Subcellular localization defines modification and production of Δ9-tetrahydrocannabinolic acid synthase in transiently transformed Nicotiana benthamiana
Through heterologous expression of the tetrahydrocannabinolic acid synthase (THCAS) coding sequence from Cannabis sativa L. in Nicotiana benthamiana, we evaluated a transient plant-based expression system for the production of enzymes involved in cannabinoid biosynthesis.

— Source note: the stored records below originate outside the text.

lemma diag_central: "(c1, 0, 0, c2) \<odot> U = U \<odot> (c1, 0, 0, c2)"
proof -
  have "c1 * a - a * c1 = 0" for a
    by (rule faithful_A) (simp add: diag_balanced_M)
  moreover have "c2 * b - b * c2 = 0" for b
    by (rule faithful_B) (simp flip: diag_balanced_M)
  ultimately show ?thesis
    by (cases U) (simp add: diag_balanced_M diag_balanced_N)
qed

lemma d_derivable_at_zero: "jordan_derivable_at_zero S d"
  using jordan_derivable_at_zero_diff[OF shift_derivable jordan_derivable_at_zero_central[OF diag_central]]
  by simp

lemma derivable_condition:
  "U \<odot> V = 0 \<Longrightarrow> V \<odot> U = 0 \<Longrightarrow> gm_jordan S (d U) V + gm_jordan S U (d V) = 0"
  using d_derivable_at_zero by (rule jordan_derivable_at_zeroD)

lemma dMM_lA: "dMM (lA S a m) = lA S (dA a) m + lA S a (dMM m)"
  and dMN_lA: "dMN (lA S a m) = rA S (dMN m) a"
proof -
  have "d (a, lA S a m, 0, 0) = (dA a, dMM (lA S a m), dMN (lA S a m), 0)"
    using d_tuple[of a "lA S a m" 0 0] by (simp add: d_A d_M)
  moreover have "d (0, - m, 0, 1) = (0, - dMM m, - dMN m, 0)"
    using d_tuple[of 0 "- m" 0 1] d.minus[of "(0, m, 0, 0)"] by (simp add: d_M)
  moreover have "gm_jordan S (d (a, lA S a m, 0, 0)) (0, - m, 0, 1)
      + gm_jordan S (a, lA S a m, 0, 0) (d (0, - m, 0, 1)) = 0"
    by (rule derivable_condition) (simp_all add: zero_prod_def)
  ultimately show "dMM (lA S a m) = lA S (dA a) m + lA S a (dMM m)"
    and "dMN (lA S a m) = rA S (dMN m) a"
    by (simp_all add: gm_jordan_def zero_prod_def algebra_simps)
qed

lemma dMM_rB: "dMM (rB S m b) = rB S (dMM m) b + rB S m (dB b)"
  and dMN_rB: "dMN (rB S m b) = lB S b (dMN m)"
proof -
  have "d (1, m, 0, 0) = (0, dMM m, dMN m, 0)"
    using d_tuple[of 1 m 0 0] by (simp add: d_M)
  moreover have "d (0, - rB S m b, 0, b) = (0, - dMM (rB S m b), - dMN (rB S m b), dB b)"
    using d_tuple[of 0 "- rB S m b" 0 b] by (simp add: d_M d_B)
  moreover have "gm_jordan S (d (1, m, 0, 0)) (0, - rB S m b, 0, b)
      + gm_jordan S (1, m, 0, 0) (d (0, - rB S m b, 0, b)) = 0"
    by (rule derivable_condition) (simp_all add: zero_prod_def)
  ultimately show "dMM (rB S m b) = rB S (dMM m) b + rB S m (dB b)"
    and "dMN (rB S m b) = lB S b (dMN m)"
    by (simp_all add: gm_jordan_def zero_prod_def algebra_simps)
qed

lemma dNM_rA: "dNM (rA S n a) = lA S a (dNM n)"
  and dNN_rA: "dNN (rA S n a) = rA S n (dA a) + rA S (dNN n) a"
proof -
  have "d (a, 0, rA S n a, 0) = (dA a, dNM (rA S n a), dNN (rA S n a), 0)"
    using d_tuple[of a 0 "rA S n a" 0] by (simp add: d_A d_N)
  moreover have "d (0, 0, - n, 1) = (0, - dNM n, - dNN n, 0)"
    using d_tuple[of 0 0 "- n" 1] by (simp add: d_N)
  moreover have "gm_jordan S (d (a, 0, rA S n a, 0)) (0, 0, - n, 1)
      + gm_jordan S (a, 0, rA S n a, 0) (d (0, 0, - n, 1)) = 0"
    by (rule derivable_condition) (simp_all add: zero_prod_def)
  ultimately show "dNM (rA S n a) = lA S a (dNM n)"
    and "dNN (rA S n a) = rA S n (dA a) + rA S (dNN n) a"
    by (simp_all add: gm_jordan_def zero_prod_def algebra_simps)
qed

lemma dNM_lB: "dNM (lB S b n) = rB S (dNM n) b"
  and dNN_lB: "dNN (lB S b n) = lB S (dB b) n + lB S b (dNN n)"
proof -
  have "d (1, 0, n, 0) = (0, dNM n, dNN n, 0)"
    using d_tuple[of 1 0 n 0] by (simp add: d_N)
  moreover have "d (0, 0, - lB S b n, b) = (0, - dNM (lB S b n), - dNN (lB S b n), dB b)"
    using d_tuple[of 0 0 "- lB S b n" b] by (simp add: d_N d_B)
  moreover have "gm_jordan S (d (1, 0, n, 0)) (0, 0, - lB S b n, b)
      + gm_jordan S (1, 0, n, 0) (d (0, 0, - lB S b n, b)) = 0"
    by (rule derivable_condition) (simp_all add: zero_prod_def)
  ultimately show "dNM (lB S b n) = rB S (dNM n) b"
    and "dNN (lB S b n) = lB S (dB b) n + lB S b (dNN n)"
    by (simp_all add: gm_jordan_def zero_prod_def algebra_simps)
qed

Thcas was modularized according to the GoldenBraid grammar and its expression tested upon alternative subcellular localization of the encoded catalyst with and without fusion to a fluorescent protein. THCAS was detected only when ER targeting was used; cytosolic and plastidal localization resulted in no detectable protein. Moreover, THCAS seems to be glycosylated in N. benthamiana, suggesting that this modification might have an influence on the stability of the protein. Activity assays with cannabigerolic acid as a substrate showed that the recombinant enzyme produced not only THCA (123 ± 12 fkat g FW −1 activity towards THCA production) but also cannabichromenic acid (CBCA; 31 ± 2.6 fkat g FW −1 activity towards CBCA production).
Nicotiana benthamiana is a suitable host for the generation of cannabinoid producing enzymes. To attain whole pathway integration, careful analysis of subcellular localization is necessary.
KeywordsCannabinoids Cannabis sativa L. Modular cloning Plant metabolic engineering Tetrahydrocannabinolic acid synthase (THCAS) Tobacco
Supplementary Fig. 1—Localization of THCAS fused with YFP and targeted to the apoplast (er), chloroplast (cp) or without a targeting signal. Plants solely producing YFP served as a positive control.